The HCRC Language Technology Group is pleased to announce a new
release of LT XML, the first high-performance publicly available XML
toolset written in C.

For further information and access to the software distribution, see

http://www.ltg.ed.ac.uk/software/xml/

The LT XML tool-kit includes stand-alone tools for a wide range of
processing of well-formed XML documents, including searching and
extracting, down-translation (e.g. report generation, formatting),
tokenising and sorting. If you've been waiting for high throughput
XML tools with simple command-line interfaces to explore the potential
of XML, LT XML is just what you need to get started. Basic throughput
is under 3 seconds/megabyte on a Pentium 133, fast enough to make
processing substantial XML datasets feasible.

LT XML is an integrated set of XML tools and a developers' tool-kit,
including a C-based API. As well as sources, this release includes
executable images for a range of platforms, including Windows 95 and
Windows NT, FreeBSD, Linux and Solaris. A preliminary partial
Macintosh version is also available. This release is restricted to
8-bit character input/output, and does NOT do validation, although it
does process and make use of DTDs in documents which include them.
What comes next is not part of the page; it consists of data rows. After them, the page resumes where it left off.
lemma uniform_weights_if_defects_eq_0:
  assumes orth: "orth_rows m n U" and t1: "(\<Sum>i<n. (t i)\<^sup>2) = 1"
    and "offdiag_defect m n c t U = 0" "diag_defect m n c t U = 0"
    and \<mu>: "(real m - c) / real n \<notin> {0, 1}"
  shows "\<forall>i<n. (t i)\<^sup>2 = 1 / real n"
proof -
  define \<mu> where "\<mu> = (real m - c) / real n"
  define x where "x i = (t i)\<^sup>2" for i
  define K where "K = c * (2 * \<mu> + c - 1)"
  have "n > 0" using t1 by (rule contrapos_pp) simp
  have off: "\<bar>gram m U i j\<bar> = c * t i * t j" if "i < n" "j < n" "i \<noteq> j" for i j
    using assms(3) that by (simp add: offdiag_defect_eq_0_iff)
  have diag: "gram m U i i = c * x i + \<mu>" if "i < n" for i
    using assms(4) that by (simp add: diag_defect_eq_0_iff x_def \<mu>_def)
  have row: "x i * K = \<mu> - \<mu>\<^sup>2" if i: "i < n" for i
  proof -
    have "(gram m U i j)\<^sup>2 = c\<^sup>2 * x i * x j
        + (if j = i then (gram m U i i)\<^sup>2 - c\<^sup>2 * x i * x i else 0)" if "j < n" for j
    proof (cases "j = i")
      case False
      then have "(gram m U i j)\<^sup>2 = (c * t i * t j)\<^sup>2"
        using off[OF i that] by (metis power2_abs)
      then show ?thesis using False unfolding x_def by (simp add: power_mult_distrib)
    qed simp
    then have "(\<Sum>j<n. (gram m U i j)\<^sup>2)
        = (\<Sum>j<n. c\<^sup>2 * x i * x j + (if j = i then (gram m U i i)\<^sup>2 - c\<^sup>2 * x i * x i else 0))"
      by (intro sum.cong) auto
    also have "\<dots> = c\<^sup>2 * x i * (\<Sum>j<n. x j) + (gram m U i i)\<^sup>2 - c\<^sup>2 * x i * x i"
      using i by (simp add: sum.distrib sum_distrib_left)
    finally have "(\<Sum>j<n. (gram m U i j)\<^sup>2) = c\<^sup>2 * x i * (\<Sum>j<n. x j) + (gram m U i i)\<^sup>2 - c\<^sup>2 * x i * x i" .
    then have "c * x i + \<mu> = c\<^sup>2 * x i + (c * x i + \<mu>)\<^sup>2 - c\<^sup>2 * x i * x i"
      using sum_power2_gram_row[OF orth, of i] diag[OF i] t1 unfolding x_def by simp
    then show ?thesis
      unfolding K_def by (simp add: algebra_simps power2_eq_square)
  qed
  have "\<mu> - \<mu>\<^sup>2 \<noteq> 0"
    using \<mu> unfolding \<mu>_def[symmetric] by (simp add: power2_eq_square right_diff_distrib[symmetric])
  then have "K \<noteq> 0" using row[OF \<open>n > 0\<close>] by auto
  then have x_const: "x i = (\<mu> - \<mu>\<^sup>2) / K" if "i < n" for i
    using row[OF that] by (simp add: field_simps)
  have "1 = (\<Sum>i<n. x i)"
    using t1 unfolding x_def by simp
  also have "\<dots> = real n * ((\<mu> - \<mu>\<^sup>2) / K)"
    using x_const by simp
  finally have "1 = real n * ((\<mu> - \<mu>\<^sup>2) / K)" .
  then have "(\<mu> - \<mu>\<^sup>2) / K = 1 / real n"
    using \<open>n > 0\<close> by (simp add: field_simps)
  then show ?thesis
    using x_const unfolding x_def by (metis lessThan_iff)
qed

definition equiangular_tight_frame :: "nat \<Rightarrow> nat \<Rightarrow> (nat \<Rightarrow> nat \<Rightarrow> real) \<Rightarrow> bool" where
  "equiangular_tight_frame m n U \<longleftrightarrow> orth_rows m n U
     \<and> (\<forall>i<n. gram m U i i = real m / real n)
     \<and> (\<forall>i<n. \<forall>j<n. i \<noteq> j \<longrightarrow>
          \<bar>gram m U i j\<bar> = 1 / real n * sqrt ((real n - real m) * real m / (real n - 1)))"

lemma equiangular_tight_frame_if_objective_eq_bound:
  assumes "1 < m" "m < n" and orth: "orth_rows m n U" and t1: "(\<Sum>i<n. (t i)\<^sup>2) = 1"
    and eq: "objective m n t U = objective_bound m n"
  shows "equiangular_tight_frame m n U"
proof -
  define c where "c = optimal_c m n"
  have "c > 0" unfolding c_def using assms optimal_c_pos by simp
  have c2: "c\<^sup>2 = (real n - real m) * real m / (real n - 1)"
    unfolding c_def using power2_optimal_c assms by simp
  have "2 * c * objective_bound m n = c\<^sup>2 + real m - (real m - c)\<^sup>2 / real n"
    using majorant_at_optimal_c[OF assms(1,2)] \<open>c > 0\<close> unfolding c_def[symmetric]
    by (simp add: field_simps)
  then have "offdiag_defect m n c t U + diag_defect m n c t U = 0"
    using objective_defect_identity[OF orth t1, of c] eq assms by simp
  then have defects: "offdiag_defect m n c t U = 0" "diag_defect m n c t U = 0"
    using defects_nonneg[of m n c t U] by linarith+
  have "c \<noteq> real m"
  proof
    assume "c = real m"
    then have "real m * real m * (real n - 1) = (real n - real m) * real m"
      using c2 assms by (simp add: field_simps power2_eq_square)
    then have "real m * real n = real n" using assms by (simp add: algebra_simps)
    then show False using assms by simp
  qed
  moreover have "real m - c < real n" using \<open>c > 0\<close> assms by simp
  ultimately have "(real m - c) / real n \<notin> {0, 1}" using assms by auto
  then have x: "(t i)\<^sup>2 = 1 / real n" if "i < n" for i
    using uniform_weights_if_defects_eq_0[OF orth t1 defects] that by blast
  have diag: "gram m U i i = c * (t i)\<^sup>2 + (real m - c) / real n" if "i < n" for i
    using defects(2) that by (simp add: diag_defect_eq_0_iff)
  have off: "\<bar>gram m U i j\<bar> = c * t i * t j" if "i < n" "j < n" "i \<noteq> j" for i j
    using defects(1) that by (simp add: offdiag_defect_eq_0_iff)
  have "\<bar>gram m U i j\<bar> = c / real n" if "i < n" "j < n" "i \<noteq> j" for i j
  proof -
    have "(t i * t j)\<^sup>2 = (t i)\<^sup>2 * (t j)\<^sup>2"
      by (rule power_mult_distrib)
    also have "\<dots> = (1 / real n)\<^sup>2"
      using x that by (simp add: power2_eq_square)
    finally have "(t i * t j)\<^sup>2 = (1 / real n)\<^sup>2" .
    moreover have "t i * t j \<ge> 0"
      using off[OF that] \<open>c > 0\<close> by (metis abs_ge_zero mult.assoc zero_le_mult_iff not_le)
    ultimately have "t i * t j = 1 / real n"
      using assms by (simp add: power2_eq_iff_nonneg)
    then show ?thesis using off[OF that] by (simp add: mult.assoc)
  qed
  then show ?thesis
    unfolding equiangular_tight_frame_def c_def optimal_c_def
    using orth diag x assms by (simp add: field_simps)
qed

lemma objective_uniform_weights:
  assumes "1 < m" "m \<le> n" "equiangular_tight_frame m n U"
  shows "objective m n (\<lambda>_. 1 / sqrt (real n)) U = objective_bound m n"
proof -
  define c where "c = optimal_c m n"
  have row: "(\<Sum>j<n. \<bar>gram m U i j\<bar>) = real m / real n + (real n - 1) * (c / real n)"
    if i: "i < n" for i
  proof -
    have "(\<Sum>j<n. \<bar>gram m U i j\<bar>) = (\<Sum>j<n. c / real n + (if j = i then real m / real n - c / real n else 0))"
      using assms(3) i gram_diag_nonneg[of m U i]
      unfolding equiangular_tight_frame_def c_def optimal_c_def by (intro sum.cong) auto
    also have "\<dots> = real n * (c / real n) + (real m / real n - c / real n)"
      using i by (simp add: sum.distrib)
    finally show ?thesis using i by (simp add: field_simps)
  qed
  have "objective m n (\<lambda>_. 1 / sqrt (real n)) U = (\<Sum>i<n. 1 / real n * (\<Sum>j<n. \<bar>gram m U i j\<bar>))"
    unfolding objective_def using assms
    by (simp add: sum_distrib_left power2_eq_square[symmetric] mult.assoc[symmetric] power_divide)
  also have "\<dots> = (\<Sum>i<n. 1 / real n * (real m / real n + (real n - 1) * (c / real n)))"
    using row by simp
  also have "\<dots> = real m / real n + (real n - 1) / real n * c"
    using assms by (simp add: field_simps)
  also have "\<dots> = objective_bound m n"
    unfolding c_def using objective_bound_eq assms by simp
  finally show ?thesis .
qed

lemma orth_rows_identity: "m \<le> n \<Longrightarrow> orth_rows m n (\<lambda>i j. of_bool (i = j))"
  unfolding orth_rows_def by auto

lemma equiangular_tight_frame_identity: "equiangular_tight_frame n n (\<lambda>i j. of_bool (i = j))"
  unfolding equiangular_tight_frame_def gram_def using orth_rows_identity by auto

lemma compact_PiE_UNIV: "(\<And>i. compact (S i)) \<Longrightarrow> compact (Pi\<^sub>E UNIV S)"
  using compactin_PiE[of "\<lambda>i. euclidean" UNIV S] by (simp add: euclidean_product_topology)

lemma continuous_on_fst_coordinate: "continuous_on S (\<lambda>p. fst p i)"
  using continuous_on_product_then_coordinatewise[OF continuous_on_fst[OF continuous_on_id]] .

lemma continuous_on_snd_coordinate: "continuous_on S (\<lambda>p. snd p k j)"
  using continuous_on_product_then_coordinatewise[OF
      continuous_on_product_then_coordinatewise[OF continuous_on_snd[OF continuous_on_id]]] .

definition feasible :: "nat \<Rightarrow> nat \<Rightarrow> ((nat \<Rightarrow> real) \<times> (nat \<Rightarrow> nat \<Rightarrow> real)) set" where
  "feasible m n = {(t, U). (\<Sum>i<n. (t i)\<^sup>2) = 1 \<and> orth_rows m n U}"

lemma objective_set_eq_image: "objective_set m n = (\<lambda>(t, U). objective m n t U) ` feasible m n"
  unfolding objective_set_def feasible_def objective_def by auto

lemma closed_feasible: "closed (feasible m n)"
proof -
  have "feasible m n = {p. (\<Sum>i<n. (fst p i)\<^sup>2) = 1} \<inter> {p. orth_rows m n (snd p)}"
    unfolding feasible_def by auto
  then show ?thesis
    unfolding orth_rows_def
    by (simp only:) (intro closed_Int closed_Collect_all closed_Collect_imp open_Collect_less
        closed_Collect_eq continuous_intros continuous_on_fst_coordinate continuous_on_snd_coordinate)
qed

lemma continuous_on_objective: "continuous_on S (\<lambda>p. objective m n (fst p) (snd p))"
  unfolding objective_def gram_def
  by (intro continuous_intros continuous_on_fst_coordinate continuous_on_snd_coordinate)

lemma abs_le_one_if_sum_power2_eq_one:
  fixes f :: "'a \<Rightarrow> real"
  assumes "finite A" "i \<in> A" "(\<Sum>j\<in>A. (f j)\<^sup>2) = 1"
  shows "\<bar>f i\<bar> \<le> 1"
proof -
  have "(f i)\<^sup>2 \<le> (\<Sum>j\<in>A. (f j)\<^sup>2)"
    using assms(1,2) by (intro member_le_sum) auto
  then show ?thesis using assms(3) by (simp add: abs_square_le_1)
qed

lemma feasible_truncation:
  assumes "(t, U) \<in> feasible m n"
  shows "\<exists>t' U'. (t', U') \<in> feasible m n \<and> (\<forall>i. \<bar>t' i\<bar> \<le> 1) \<and> (\<forall>k j. \<bar>U' k j\<bar> \<le> 1)
           \<and> objective m n t' U' = objective m n t U"
proof (intro exI conjI allI)
  define t' where "t' i = (if i < n then t i else 0)" for i
  define U' where "U' k j = (if k < m \<and> j < n then U k j else 0)" for k j
  have t1: "(\<Sum>i<n. (t i)\<^sup>2) = 1" and orth: "orth_rows m n U"
    using assms unfolding feasible_def by auto
  have "orth_rows m n U'"
    using orth unfolding orth_rows_def U'_def by simp
  moreover have "(\<Sum>i<n. (t' i)\<^sup>2) = 1"
    using t1 unfolding t'_def by simp
  ultimately show "(t', U') \<in> feasible m n"
    unfolding feasible_def by simp
  show "\<bar>t' i\<bar> \<le> 1" for i
    using abs_le_one_if_sum_power2_eq_one[OF _ _ t1, of i] unfolding t'_def by simp
  show "\<bar>U' k j\<bar> \<le> 1" for k j
  proof (cases "k < m \<and> j < n")
    case True
    then have "(\<Sum>j<n. (U k j)\<^sup>2) = 1"
      using orth unfolding orth_rows_def by (simp add: power2_eq_square)
    then show ?thesis
      using abs_le_one_if_sum_power2_eq_one[of "{..<n}" j] True unfolding U'_def by simp
  qed (auto simp: U'_def)
  have "gram m U' i j = gram m U i j" if "i < n" "j < n" for i j
    using that unfolding gram_def U'_def by simp
  then show "objective m n t' U' = objective m n t U"
    unfolding objective_def t'_def by simp
qed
Sequences of LT XML tool applications can be pipelined together to achieve
complex results. Tools included in this release include:

* sggrep -- extract sub-parts of XML documents, using patterns over
element structure and text content;

* textonly -- extract text content only;

* sgsort -- reorder sub-elements within specified elements

* sgmltrans -- pattern+action downtranslation tool

* sgrpg -- Structure-based transformation tool

* simple, simpleq -- event- and fragment-based examples of API use

For special purposes beyond what the pre-constructed tools can
achieve, extending their functionality and/or creating new tools is
easy using the LT XML API, which provides both event-oriented and
tree-fragment oriented access to the input document stream. Minimal
applications require less than one-half page of C code to express.

LT XML is available to anyone free of charge for non-commercial purposes.